(Stored data entries)
lemma ideal_sum_closed: "is_ideal I \<Longrightarrow> (\<And>i. i \<in> S \<Longrightarrow> f i \<in> I) \<Longrightarrow> sum f S \<in> I"
  by (induction S rule: infinite_finite_induct) (auto intro: ideal_zero ideal_add)

lemma is_ideal_Int: "is_ideal A \<Longrightarrow> is_ideal B \<Longrightarrow> is_ideal (A \<inter> B)"
  unfolding is_ideal_def by blast

lemma is_ideal_ideal_sum:
  assumes A: "is_ideal A" and B: "is_ideal B"
  shows "is_ideal (ideal_sum A B)"
  unfolding is_ideal_def ideal_sum_def
proof (intro conjI ballI allI; clarify?)
  show "\<exists>a b. 0 = a + b \<and> a \<in> A \<and> b \<in> B"
    using ideal_zero[OF A] ideal_zero[OF B] by force
next
  fix a b a' b' assume "a \<in> A" "b \<in> B" "a' \<in> A" "b' \<in> B"
  then show "\<exists>x y. a + b + (a' + b') = x + y \<and> x \<in> A \<and> y \<in> B"
    using ideal_add[OF A] ideal_add[OF B] by (metis add.assoc add.left_commute)
next
  fix r a b assume "a \<in> A" "b \<in> B"
  then show "\<exists>x y. r * (a + b) = x + y \<and> x \<in> A \<and> y \<in> B"
    using ideal_mult[OF A] ideal_mult[OF B] by (metis distrib_left)
qed

lemma ideal_sum_commute: "ideal_sum A B = ideal_sum B A"
  unfolding ideal_sum_def by (metis add.commute)

lemma mem_ideal_sum_left: "is_ideal B \<Longrightarrow> a \<in> A \<Longrightarrow> a \<in> ideal_sum A B"
  unfolding ideal_sum_def using ideal_zero[of B] by force

lemma mem_ideal_sum_right: "is_ideal A \<Longrightarrow> b \<in> B \<Longrightarrow> b \<in> ideal_sum A B"
  using mem_ideal_sum_left ideal_sum_commute by metis

lemma ideal_sum_least: "is_ideal C \<Longrightarrow> A \<subseteq> C \<Longrightarrow> B \<subseteq> C \<Longrightarrow> ideal_sum A B \<subseteq> C"
  unfolding ideal_sum_def using ideal_add[of C] by blast

definition mon_span :: "('v \<Rightarrow>\<^sub>0 nat) set \<Rightarrow> ('v, 'a::zero) mpoly set" where
  "mon_span M = {p. Poly_Mapping.keys p \<subseteq> M}"

lemma mon_span_Int: "mon_span A \<inter> mon_span B = mon_span (A \<inter> B)"
  unfolding mon_span_def by auto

TASK STATEMENT >> What you give back should be exactly the lines of the data above from the line with "fix r a b assume" through the line with "using mem_ideal_sum_left ideal_sum_commute", both of those included, and nothing more.

EXERCISE OUTPUT >>
  fix r a b assume "a \<in> A" "b \<in> B"
  then show "\<exists>x y. r * (a + b) = x + y \<and> x \<in> A \<and> y \<in> B"
    using ideal_mult[OF A] ideal_mult[OF B] by (metis distrib_left)
qed

lemma ideal_sum_commute: "ideal_sum A B = ideal_sum B A"
  unfolding ideal_sum_def by (metis add.commute)

lemma mem_ideal_sum_left: "is_ideal B \<Longrightarrow> a \<in> A \<Longrightarrow> a \<in> ideal_sum A B"
  unfolding ideal_sum_def using ideal_zero[of B] by force

lemma mem_ideal_sum_right: "is_ideal A \<Longrightarrow> b \<in> B \<Longrightarrow> b \<in> ideal_sum A B"
  using mem_ideal_sum_left ideal_sum_commute by metis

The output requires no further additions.